There comes a time when hummus and man’oushe over sensational music isn’t enough anymore to sell a country, no matter how many times the same disc is spun. I’m sorry to say, that disc is broken – nay, it’s shattered and there’s no coming back from it.

In this past week alone, a 24 year old named Roy Hamouche was killed in cold blood because some guy was angry. Another person was also attacked by a police officer because of road rage.

In this past week, a physician coerced the judicial system into helping him commence the cover up in a possible malpractice lawsuit, and we can’t but sit by and watch.

I’m leaving a country as a 27 year old citizen who was never allowed to vote, and whose voice has to always be self-censored as to not face the wrath of the multiple sensibilities we have to consider in saying what’s on our mind.

I’m leaving this country as a doctor who has to fight a mammoth of a system entirely geared at making me feel like I’m always a bug up the echelons of my career, no matter how much I try to thrive.

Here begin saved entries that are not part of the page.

lemma moreau_env_neq_MInf:
  fixes g :: "'a::real_normed_vector \<Rightarrow> ereal"
  assumes "proper_fun g" "lsc_fun g" "ereal_convex_fun g" and "0 < \<gamma>"
  shows "moreau_env \<gamma> g u \<noteq> -\<infinity>"
proof -
  obtain x0 a \<beta> where "0 \<le> \<beta>" and minorant: "\<And>y. ereal (a - \<beta> * norm (y - x0)) \<le> g y"
    using proper_lsc_convex_cone_minorant[OF assms(1-3)] by blast
  define L where "L = a - \<beta> * norm (u - x0) - \<gamma> * \<beta>\<^sup>2 / 2"
  have "ereal L \<le> g y + ereal (norm (y - u) ^ 2 / (2 * \<gamma>))" for y
  proof -
    define s where "s = norm (y - u)"
    have "norm (y - x0) \<le> s + norm (u - x0)"
      unfolding s_def by (metis norm_triangle_ineq diff_add_cancel add_diff_eq)
    then have "\<beta> * norm (y - x0) \<le> \<beta> * s + \<beta> * norm (u - x0)"
      using \<open>0 \<le> \<beta>\<close> by (metis distrib_left mult_left_mono)
    moreover have "\<beta> * s \<le> s\<^sup>2 / (2 * \<gamma>) + \<gamma> * \<beta>\<^sup>2 / 2"
    proof -
      have "0 \<le> (s - \<gamma> * \<beta>)\<^sup>2 / (2 * \<gamma>)" using \<open>0 < \<gamma>\<close> by simp
      also have "\<dots> = s\<^sup>2 / (2 * \<gamma>) + \<gamma> * \<beta>\<^sup>2 / 2 - \<beta> * s"
        using \<open>0 < \<gamma>\<close> by (simp add: field_simps power2_eq_square)
      finally show ?thesis by simp
    qed
    ultimately have "ereal L \<le> ereal (a - \<beta> * norm (y - x0)) + ereal (s\<^sup>2 / (2 * \<gamma>))"
      unfolding L_def by simp
    also have "\<dots> \<le> g y + ereal (s\<^sup>2 / (2 * \<gamma>))" using minorant by (rule add_right_mono)
    finally show ?thesis by (simp add: s_def)
  qed
  then have "ereal L \<le> moreau_env \<gamma> g u" unfolding moreau_env_def by (rule INF_greatest)
  then show ?thesis by auto
qed

lemma pos_def_quadratic_form_ge:
  fixes M :: "real^'n^'n"
  assumes "pos_def M"
  shows "\<exists>\<mu>>0. \<forall>d. \<mu> * (norm d)\<^sup>2 \<le> d \<bullet> (M *v d)"
proof -
  let ?S = "sphere (0::real^'n) 1"
  let ?q = "\<lambda>d::real^'n. d \<bullet> (M *v d)"
  have "axis undefined 1 \<in> ?S" by simp
  then have "?S \<noteq> {}" by blast
  moreover have "continuous_on ?S ?q"
    by (intro continuous_intros linear_continuous_on matrix_vector_mul_bounded_linear)
  ultimately obtain e where e: "e \<in> ?S" and e_min: "\<And>d. d \<in> ?S \<Longrightarrow> ?q e \<le> ?q d"
    using continuous_attains_inf[OF compact_sphere] by blast
  have "e \<noteq> 0" using e by auto
  then have "0 < ?q e" using assms unfolding pos_def_def by blast
  moreover have "?q e * (norm d)\<^sup>2 \<le> ?q d" for d
  proof (cases "d = 0")
    case False
    have "d /\<^sub>R norm d \<in> ?S" using False by simp
    then have "?q e \<le> ?q (d /\<^sub>R norm d)" by (rule e_min)
    also have "\<dots> = ?q d / (norm d)\<^sup>2"
      by (simp add: matrix_vector_mult_scaleR power2_eq_square divide_inverse)
    finally show ?thesis using False by (simp add: le_divide_eq)
  qed simp
  ultimately show ?thesis by blast
qed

I’m leaving a country whose beaches are dirty, whose sea is toxic, whose forests are being dismantled, whose elderly are being turned down at hospital doors, whose mothers and their children are being evicted from houses and forced to live in construction sites even in the heart of Beirut, whose garbage can’t be sorted or addressed, and whose people – most of them at least – are still ready to offer their necks to the same politicians who have turned this country into what it is today, as they drool over any video or international article that says their country is a nice vacation site, and whose children are forced to beg in the streets to make ends meet.

A nice holiday destination doesn’t make a good index of life.

I’d love to say there’s no home like a home here. But the truth is that is far from the truth. There’s a reason why Lebanon has expats who visit every once in a while and return to countries they’ve chosen to turn into their homes.

It’s because in the republic of wasta, you can only make it as far as your strongest connection. It’s because in the republic of waste, you breathe cancer.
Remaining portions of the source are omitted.